Source records:
┄┄┄┄┄┄┄┄┄┄┄┄┄┄┄┄┄┄┄┄

lemma sum_card_Neighb:
  assumes "simple_graph N E"
  shows "(\<Sum>i\<in>N. card (Neighb E i)) = 2 * card E"
proof -
  have fin: "finite N" "finite E"
    using assms simple_graph_finite_edges by (auto simp: simple_graph_def)
  have "(\<Sum>i\<in>N. card (Neighb E i)) = (\<Sum>i\<in>N. \<Sum>e\<in>E. if i \<in> e then 1 else 0)"
    using fin by (simp add: card_Neighb_eq_card_incident_edges[OF assms] sum.If_cases Int_def)
  also have "\<dots> = (\<Sum>e\<in>E. \<Sum>i\<in>N. if i \<in> e then 1 else 0)"
    by (rule sum.swap)
  also have "\<dots> = (\<Sum>e\<in>E. card e)"
  proof (rule sum.cong[OF refl])
    fix e assume "e \<in> E"
    with assms have "N \<inter> e = e"
      by (auto simp: simple_graph_def)
    with fin show "(\<Sum>i\<in>N. if i \<in> e then 1 else 0) = card e"
      by (simp add: sum.If_cases)
  qed
  also have "\<dots> = (\<Sum>e\<in>E. 2)"
    using assms by (simp add: simple_graph_def)
  finally show ?thesis
    by simp
qed

lemma profile_in_colours: "s \<in> profiles N \<Longrightarrow> i \<in> N \<Longrightarrow> s i \<in> {1, 2}"
  unfolding profiles_def by (rule PiE_mem)

lemma finite_profiles: "finite N \<Longrightarrow> finite (profiles N)"
  unfolding profiles_def by (simp add: finite_PiE)

lemma finite_sw_image:
  "simple_graph N E \<Longrightarrow> S \<subseteq> profiles N \<Longrightarrow> finite (sw N E ` S)"
  using finite_profiles[of N] by (auto simp: simple_graph_def intro: finite_subset)

lemma NE_subset_profiles: "NE N E \<subseteq> profiles N"
  unfolding NE_def by auto

lemma ST_subset_profiles: "ST N E D \<subseteq> profiles N"
  unfolding ST_def transitions_def by auto

lemma util_le_card_Neighb: "simple_graph N E \<Longrightarrow> util E s i \<le> card (Neighb E i)"
  unfolding util_def by (rule card_mono[OF finite_Neighb]) auto

lemma util_fun_upd_other_le:
  assumes "finite (Neighb E i)" "j \<noteq> i"
  shows "util E (s(j := c)) i \<le> util E s i + 1"
proof -
  let ?A = "{k \<in> Neighb E i. s k = s i}"
  have "util E (s(j := c)) i \<le> card (insert j ?A)"
    unfolding util_def using assms by (intro card_mono) auto
  also have "\<dots> \<le> card ?A + 1"
    by (simp add: card_insert_if assms(1))
  finally show ?thesis
    unfolding util_def .
qed

lemma util_add_util_swap_colour:
  assumes "simple_graph N E" "s \<in> profiles N" "i \<in> N"
  shows "util E s i + util E (s(i := 3 - s i)) i = card (Neighb E i)"
proof -
  let ?A = "{j \<in> Neighb E i. s j = s i}" and ?B = "{j \<in> Neighb E i. s j = 3 - s i}"
  have si: "s i \<in> {1, 2}"
    using assms(2,3) by (rule profile_in_colours)
  have "?A \<union> ?B = Neighb E i"
    using si profile_in_colours[OF assms(2)] Neighb_subset[OF assms(1)] by fastforce
  moreover have "?A \<inter> ?B = {}"
    using si by auto
  moreover have "util E (s(i := 3 - s i)) i = card ?B"
    unfolding util_def using not_in_Neighb_self[OF assms(1)]
    by (intro arg_cong[where f = card]) auto
  ultimately show ?thesis
    unfolding util_def using finite_Neighb[OF assms(1)]
    by (metis (no_types, lifting) card_Un_disjoint finite_Un)
qed

lemma util_le_best_response:
  "c \<in> BR E i s \<Longrightarrow> c' \<in> {1, 2} \<Longrightarrow> util E (s(i := c')) i \<le> util E (s(i := c)) i"
  unfolding BR_def by blast

lemma card_Neighb_le_util_best_response:
  assumes "simple_graph N E" "s \<in> profiles N" "i \<in> N" "s i \<in> BR E i s"
  shows "card (Neighb E i) \<le> 2 * util E s i"
proof -
  have "util E (s(i := 3 - s i)) i \<le> util E s i"
    using util_le_best_response[OF assms(4), of "3 - s i"] profile_in_colours[OF assms(2,3)]
    by auto
  then show ?thesis
    using util_add_util_swap_colour[OF assms(1-3)] by simp
qed

lemma card_Neighb_le_util_stable_transition:
  assumes "simple_graph N E" "s \<in> ST N E D" "i \<in> N"
  shows "card (Neighb E i) \<le> 2 * util E s i + 2"
proof -
  have s: "s \<in> profiles N"
    using assms(2) by (simp add: ST_def transitions_def)
  show ?thesis
  proof (cases "s i \<in> BR E i s")
    case True
    then show ?thesis
      using card_Neighb_le_util_best_response[OF assms(1) s assms(3)] by simp
  next
    case False
    then obtain j c where j: "j \<noteq> i" "s i \<in> BR E i (s(j := c))"
      using assms(2,3) unfolding ST_def by blast
    let ?t = "s(j := c)" and ?swap = "3 - s i"
    have fin: "finite (Neighb E i)"
      using assms(1) by (rule finite_Neighb)
    have "s(i := ?swap) = (?t(i := ?swap))(j := s j)"
      using j(1) by auto
    then have "util E (s(i := ?swap)) i \<le> util E (?t(i := ?swap)) i + 1"
      using util_fun_upd_other_le[OF fin j(1)] by metis
    also have "util E (?t(i := ?swap)) i \<le> util E (?t(i := s i)) i"
      using util_le_best_response[OF j(2)] profile_in_colours[OF s assms(3)] by auto
    also have "?t(i := s i) = ?t"
      using j(1) by auto
    also have "util E ?t i \<le> util E s i + 1"
      using util_fun_upd_other_le[OF fin j(1)] .
    finally show ?thesis
      using util_add_util_swap_colour[OF assms(1) s assms(3)] by linarith
  qed
qed

lemma card_edges_le_sw_NE:
  assumes "simple_graph N E" "s \<in> NE N E"
  shows "card E \<le> sw N E s"
proof -
  have "2 * card E = (\<Sum>i\<in>N. card (Neighb E i))"
    using sum_card_Neighb[OF assms(1)] by simp
  also have "\<dots> \<le> (\<Sum>i\<in>N. 2 * util E s i)"
    using assms by (intro sum_mono) (auto intro: card_Neighb_le_util_best_response simp: NE_def)
  also have "\<dots> = 2 * sw N E s"
    by (simp add: sw_def sum_distrib_left)
  finally show ?thesis
    by simp
qed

┄┄┄┄┄┄┄┄┄┄┄┄┄┄┄┄┄┄┄┄

What the task asks: Which of the lines above hold the word "else"? Copy each one.

Answer to this task:
  have "(\<Sum>i\<in>N. card (Neighb E i)) = (\<Sum>i\<in>N. \<Sum>e\<in>E. if i \<in> e then 1 else 0)"
  also have "\<dots> = (\<Sum>e\<in>E. \<Sum>i\<in>N. if i \<in> e then 1 else 0)"
    with fin show "(\<Sum>i\<in>N. if i \<in> e then 1 else 0) = card e"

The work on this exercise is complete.